I want to sum across undefined amount of columns that start with the same string pattern. I would like for each column of my new data frame to have the column name of the string that was used in column name search. However, I am not sure, how to automatically assign column names that it would result in a given format, e.g.
c(m = "m", w = "w")
I want to use lapply in combination with rowSums like here:
lapply(c(m = "m", w = "w"),
\(x) rowSums(df[startsWith(names(df), x)]))
Basic input:
# m_16 w_16 w_17 m_17 w_18 m_18
#values1 3 4 8 1 12 4
#values2 8 0 12 1 3 2
Desired output:
# m_16 w_16 w_17 m_17 w_18 m_18 m w
#values1 3 4 8 1 12 4 8 24
#values2 8 0 12 1 3 2 11 15
However, as I have mentioned above, there could be more columns and they could start with z, w, etc, and sums also should be calculated, so I want to vectorize the "column name giving" and not to assign the column names by hand.
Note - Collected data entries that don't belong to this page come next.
(* Let $\Gamma$ be a group and $\Gamma_0<\Gamma$ a finite-index normal subgroup. Suppose $\Gamma_0$ embeds as a $P_1$-Anosov subgroup of $\mathsf{SL}_d(\mathbb{R})$, i.e. there is a faithful $P_1$-Anosov representation $\Gamma_0\to\mathsf{SL}_d(\mathbb{R})$. Then there exist $r\in\mathbb{N}$ and a faithful $P_1$-Anosov representation $\Gamma\to\mathsf{SL}_r(\mathbb{R})$.
   Context: For $g\in\mathsf{SL}_d(\mathbb{R})$, let $\mu_1(g)\ge\mu_2(g)\ge\dots\ge\mu_d(g)$ be the logarithms of the singular values of $g$ (with multiplicity). For a finitely generated group $\Lambda$ with word length $|\cdot|_\Lambda$ with respect to a fixed finite generating set, a representation $\rho:\Lambda\to\mathsf{SL}_d(\mathbb{R})$ is $P_i$-Anosov ($1\le i\le d-1$) if there are constants $c,C>0$ such that $\mu_i(\rho(\gamma))-\mu_{i+1}(\rho(\gamma))\ge c|\gamma|_\Lambda - C$ for all $\gamma\in\Lambda$. A $P_1$-Anosov subgroup is the image of a $P_1$-Anosov representation. *)

theory Defs
  imports "HOL-Algebra.Generated_Groups" "HOL-Algebra.Coset"
          "Jordan_Normal_Form.Char_Poly" "Jordan_Normal_Form.Determinant"
begin

(* Eigenvalues of a square real matrix A with multiplicity, listed in non-increasing order,
   provided the characteristic polynomial splits over the reals (as it does for the
   symmetric matrices A = g^T g used below). *)
definition eigs_desc :: "real mat \<Rightarrow> real list" where
  "eigs_desc A = (THE ls. sorted_wrt (\<ge>) ls \<and>
       char_poly A = prod_list (map (\<lambda>a. [:- a, 1:]) ls))"

definition sing_sq :: "real mat \<Rightarrow> real list" where
  "sing_sq g = eigs_desc (transpose_mat g * g)"

(* mu i g = log of the i-th singular value (1-based), i.e. log sqrt of i-th eigenvalue of g^T g *)
definition mu :: "nat \<Rightarrow> real mat \<Rightarrow> real" where
  "mu i g = ln (sqrt (sing_sq g ! (i - 1)))"

(* Evaluation of a word in generators and their inverses (True = generator, False = inverse) *)
definition word_eval :: "('a, 'b) monoid_scheme \<Rightarrow> ('a \<times> bool) list \<Rightarrow> 'a" where
  "word_eval G ws = foldr (\<lambda>(s, b) x. (if b then s else inv\<^bsub>G\<^esub> s) \<otimes>\<^bsub>G\<^esub> x) ws \<one>\<^bsub>G\<^esub>"

definition word_length :: "('a, 'b) monoid_scheme \<Rightarrow> 'a set \<Rightarrow> 'a \<Rightarrow> nat" where
  "word_length G S g = (LEAST n. \<exists>ws. length ws = n \<and> fst ` set ws \<subseteq> S \<and> word_eval G ws = g)"

definition SL_rep :: "('a, 'b) monoid_scheme \<Rightarrow> nat \<Rightarrow> ('a \<Rightarrow> real mat) \<Rightarrow> bool" where
  "SL_rep G d \<rho> \<longleftrightarrow>
     (\<forall>g\<in>carrier G. \<rho> g \<in> carrier_mat d d \<and> det (\<rho> g) = 1) \<and>
     (\<forall>g\<in>carrier G. \<forall>h\<in>carrier G. \<rho> (g \<otimes>\<^bsub>G\<^esub> h) = \<rho> g * \<rho> h)"

definition faithful :: "('a, 'b) monoid_scheme \<Rightarrow> ('a \<Rightarrow> real mat) \<Rightarrow> bool" where
  "faithful G \<rho> \<longleftrightarrow> inj_on \<rho> (carrier G)"

definition P_Anosov :: "('a, 'b) monoid_scheme \<Rightarrow> nat \<Rightarrow> nat \<Rightarrow> ('a \<Rightarrow> real mat) \<Rightarrow> bool" where
  "P_Anosov G d i \<rho> \<longleftrightarrow> SL_rep G d \<rho> \<and> 1 \<le> i \<and> i + 1 \<le> d \<and>
     (\<exists>S. finite S \<and> S \<subseteq> carrier G \<and> generate G S = carrier G \<and>
        (\<exists>c C. c > 0 \<and> C > 0 \<and>
           (\<forall>\<gamma>\<in>carrier G. mu i (\<rho> \<gamma>) - mu (i + 1) (\<rho> \<gamma>) \<ge> c * real (word_length G S \<gamma>) - C)))"

end

(* Tensor induction. Fix right coset representatives t_0, ..., t_(k-1) of H in G. Every g in G
   permutes the cosets, g t_i = t_sigma(i) h_i with h_i in H, and acts on the k-fold tensor power
   of R^(d+1) by applying diag(rho(h_i), 1) in the i-th factor and then permuting the factors by
   sigma. Adjoining the diagonal entry det = +-1 makes this a faithful representation into SL:
   the adjoined entries 1 force sigma = id and rho(h_i) = 1 for a trivial image.
   The squared singular values of the tensor product are the products of those of the factors,
   so its first gap is at least the least first gap of the factors diag(rho(h_i), 1). Since
   det rho(h_i) = 1, the adjoined singular value 1 costs at most a factor 2 in that gap. Finally
   |g| <= |h_i| + 2 for the generating set S_H together with the t_i, so the linear lower bound
   on the gap of rho over H yields one for the new representation over G. *)

theory Submission
  imports Defs "Jordan_Normal_Form.Schur_Decomposition"
begin
(* For every positive integer $\ell$, there exists a tree $T$ such that $\gamma_t(T)-\chi_{\mu_2}(T)=\ell$.
   Context: $\gamma_t(T)$ is the total domination number: the minimum size of a set $D$ such that every vertex has a neighbor in $D$. A set $M\subseteq V(G)$ is a $2$-distance mutual-visibility set if for every two vertices $u,v\in M$ there exists a shortest $u,v$-path of length at most $2$ none of whose internal vertices lies in $M$. $\chi_{\mu_2}(G)$ is the minimum cardinality of a partition of $V(G)$ into $2$-distance mutual-visibility sets. *)

theory Defs
  imports Main
begin

type_synonym 'a graph = "'a set \<times> 'a set set"

definition verts :: "'a graph \<Rightarrow> 'a set" where "verts G = fst G"
definition edges :: "'a graph \<Rightarrow> 'a set set" where "edges G = snd G"

definition simple_graph :: "'a graph \<Rightarrow> bool" where
  "simple_graph G \<longleftrightarrow> finite (verts G) \<and>
     (\<forall>e\<in>edges G. \<exists>u v. e = {u, v} \<and> u \<noteq> v \<and> u \<in> verts G \<and> v \<in> verts G)"

definition adj :: "'a graph \<Rightarrow> 'a \<Rightarrow> 'a \<Rightarrow> bool" where
  "adj G u v \<longleftrightarrow> {u, v} \<in> edges G \<and> u \<noteq> v"

definition is_path :: "'a graph \<Rightarrow> 'a list \<Rightarrow> bool" where
  "is_path G xs \<longleftrightarrow> xs \<noteq> [] \<and> distinct xs \<and> set xs \<subseteq> verts G \<and>
     (\<forall>i. Suc i < length xs \<longrightarrow> adj G (xs ! i) (xs ! Suc i))"

definition path_betw :: "'a graph \<Rightarrow> 'a \<Rightarrow> 'a \<Rightarrow> 'a list \<Rightarrow> bool" where
  "path_betw G u v xs \<longleftrightarrow> is_path G xs \<and> hd xs = u \<and> last xs = v"

definition path_len :: "'a list \<Rightarrow> nat" where "path_len xs = length xs - 1"

definition connected_graph :: "'a graph \<Rightarrow> bool" where
  "connected_graph G \<longleftrightarrow> (\<forall>u\<in>verts G. \<forall>v\<in>verts G. \<exists>xs. path_betw G u v xs)"

definition has_cycle :: "'a graph \<Rightarrow> bool" where
  "has_cycle G \<longleftrightarrow> (\<exists>xs. is_path G xs \<and> length xs \<ge> 3 \<and> adj G (last xs) (hd xs))"

definition is_tree :: "'a graph \<Rightarrow> bool" where
  "is_tree G \<longleftrightarrow> simple_graph G \<and> verts G \<noteq> {} \<and> connected_graph G \<and> \<not> has_cycle G"

definition gdist :: "'a graph \<Rightarrow> 'a \<Rightarrow> 'a \<Rightarrow> nat" where
  "gdist G u v = (LEAST n. \<exists>xs. path_betw G u v xs \<and> path_len xs = n)"

definition shortest_path :: "'a graph \<Rightarrow> 'a \<Rightarrow> 'a \<Rightarrow> 'a list \<Rightarrow> bool" where
  "shortest_path G u v xs \<longleftrightarrow> path_betw G u v xs \<and> path_len xs = gdist G u v"

definition internal_verts :: "'a list \<Rightarrow> 'a set" where
  "internal_verts xs = set (butlast (tl xs))"

definition total_dominating :: "'a graph \<Rightarrow> 'a set \<Rightarrow> bool" where
  "total_dominating G D \<longleftrightarrow> D \<subseteq> verts G \<and> (\<forall>v\<in>verts G. \<exists>d\<in>D. adj G v d)"

definition total_domination_number :: "'a graph \<Rightarrow> nat" where
  "total_domination_number G = Min (card ` {D. total_dominating G D})"

definition dist2_mv_set :: "'a graph \<Rightarrow> 'a set \<Rightarrow> bool" where
  "dist2_mv_set G M \<longleftrightarrow> M \<subseteq> verts G \<and>
     (\<forall>u\<in>M. \<forall>v\<in>M. \<exists>xs. shortest_path G u v xs \<and> path_len xs \<le> 2 \<and>
        internal_verts xs \<inter> M = {})"

definition is_partition_of :: "'a set set \<Rightarrow> 'a set \<Rightarrow> bool" where
  "is_partition_of P V \<longleftrightarrow> \<Union>P = V \<and> {} \<notin> P \<and>
     (\<forall>A\<in>P. \<forall>B\<in>P. A \<noteq> B \<longrightarrow> A \<inter> B = {})"

definition chi_mu2 :: "'a graph \<Rightarrow> nat" where
  "chi_mu2 G = Min (card ` {P. is_partition_of P (verts G) \<and> (\<forall>M\<in>P. dist2_mv_set G M)})"

end

theory Submission
  imports Defs
begin

text \<open>The witness is the spider with \<open>k = l + 2\<close> legs of length three. Every leaf forces its
  support vertex into a total dominating set and every support vertex forces a second vertex of its
  leg, so \<open>\<gamma>\<^sub>t = 2k\<close>, attained by the near and the support vertices. The centre and the leaves
  are pairwise at distance at least three, so they need \<open>k + 1\<close> different 2-distance
  mutual-visibility classes, and one more class is forced; \<open>k + 2\<close> classes suffice: the centre,
  the near vertices, and the pairs of a support vertex with its leaf. Hence the difference is
  \<open>2k - (k + 2) = l\<close>.\<close>

lemma adj_sym: "adj G u v \<longleftrightarrow> adj G v u"
  unfolding adj_def by (auto simp: insert_commute)

lemma is_path_iff_successively:
  "is_path G xs \<longleftrightarrow> xs \<noteq> [] \<and> distinct xs \<and> set xs \<subseteq> verts G \<and> successively (adj G) xs"
  unfolding is_path_def successively_conv_nth by simp

lemma path_betw_rev: "path_betw G u v xs \<Longrightarrow> path_betw G v u (rev xs)"
  unfolding path_betw_def is_path_iff_successively
  by (auto simp: hd_rev last_rev adj_sym[of G])

text \<open>Cut the concatenation of the two paths at the first vertex of the first one that lies on
  the second.\<close>
lemma path_betw_trans:
  assumes "path_betw G u r xs" "path_betw G r v ys"
  obtains zs where "path_betw G u v zs"
proof -
  have "\<exists>x\<in>set xs. x \<in> set ys"
    using assms unfolding path_betw_def is_path_def by (metis last_in_set hd_in_set)
  then obtain xs1 w xs2 where xs: "xs = xs1 @ w # xs2" "w \<in> set ys" "\<forall>y\<in>set xs1. y \<notin> set ys"
    using split_list_first_prop[of xs "\<lambda>x. x \<in> set ys"] by blast
  then obtain ys1 ys2 where ys: "ys = ys1 @ w # ys2" by (meson split_list)
  have "hd (xs1 @ w # ys2) = u" using assms(1) xs unfolding path_betw_def by (cases xs1) auto
  moreover have "last (xs1 @ w # ys2) = v" using assms(2) ys unfolding path_betw_def by auto
  moreover have "is_path G (xs1 @ w # ys2)"
    using assms xs ys unfolding path_betw_def is_path_iff_successively
    by (auto simp: successively_append_iff successively_Cons)
  ultimately have "path_betw G u v (xs1 @ w # ys2)" unfolding path_betw_def by blast
  then show thesis by (rule that)
qed

lemma connected_graph_if_paths_to:
  assumes "\<And>v. v \<in> verts G \<Longrightarrow> \<exists>xs. path_betw G v r xs"
  shows "connected_graph G"
  unfolding connected_graph_def
proof (intro ballI)
  fix u v assume "u \<in> verts G" "v \<in> verts G"
  then obtain xs ys where "path_betw G u r xs" "path_betw G v r ys" using assms by blast
  then show "\<exists>zs. path_betw G u v zs" by (metis path_betw_rev path_betw_trans)
qed

lemma cycle_vertex_two_neighbours:
  assumes "is_path G xs" "length xs \<ge> 3" "adj G (last xs) (hd xs)" "m < length xs"
  obtains i j where "i < length xs" "j < length xs" "i \<noteq> j"
    "adj G (xs ! m) (xs ! i)" "adj G (xs ! m) (xs ! j)"
proof -
  let ?n = "length xs"
  have step: "adj G (xs ! i) (xs ! Suc i)" if "Suc i < ?n" for i
    using assms(1) that unfolding is_path_def by blast
  have close: "adj G (xs ! (?n - 1)) (xs ! 0)"
    using assms(2,3) by (metis hd_conv_nth last_conv_nth list.size(3) not_numeral_le_zero)
  consider "m = 0" | "m = ?n - 1" | "0 < m" "m < ?n - 1" using assms(4) by linarith
  then show thesis
  proof cases
    case 1
    then show thesis
      using that[of 1 "?n - 1"] step[of 0] close assms(2) adj_sym[of G] by auto
  next
    case 2
    have "Suc (?n - 2) = m" using 2 assms(2) by simp
    then have "adj G (xs ! m) (xs ! (?n - 2))" using step[of "?n - 2"] assms(4) adj_sym[of G] by auto
    moreover have "adj G (xs ! m) (xs ! 0)" using 2 close by simp
    ultimately show thesis using assms(2) by (intro that[of 0 "?n - 2"]) auto
  next
    case 3
    then show thesis
      using that[of "m - 1" "Suc m"] step[of "m - 1"] step[of m] adj_sym[of G] by auto
  qed
qed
I have tried looking for it through other stackoverflow threads, but wasn't sure how to search for this problem and have no idea how to solve it myself, beside assigning column names afterwards.
Supposing your first column is named #
and the other columns are named in a pattern like letter_SomethingElse
.
search_pattern <- unique(gsub("(?<=^[a-z]).*", "\\1", names(df), perl = TRUE))[-1]
names(search_pattern) <- search_pattern
cbind(df, lapply(search_pattern, \(x) rowSums(df[startsWith(names(df), x)])))
returns
# m_16 w_16 w_17 m_17 w_18 m_18 m w
1 #values1 3 4 8 1 12 4 8 24
2 #values2 8 0 12 1 3 2 11 15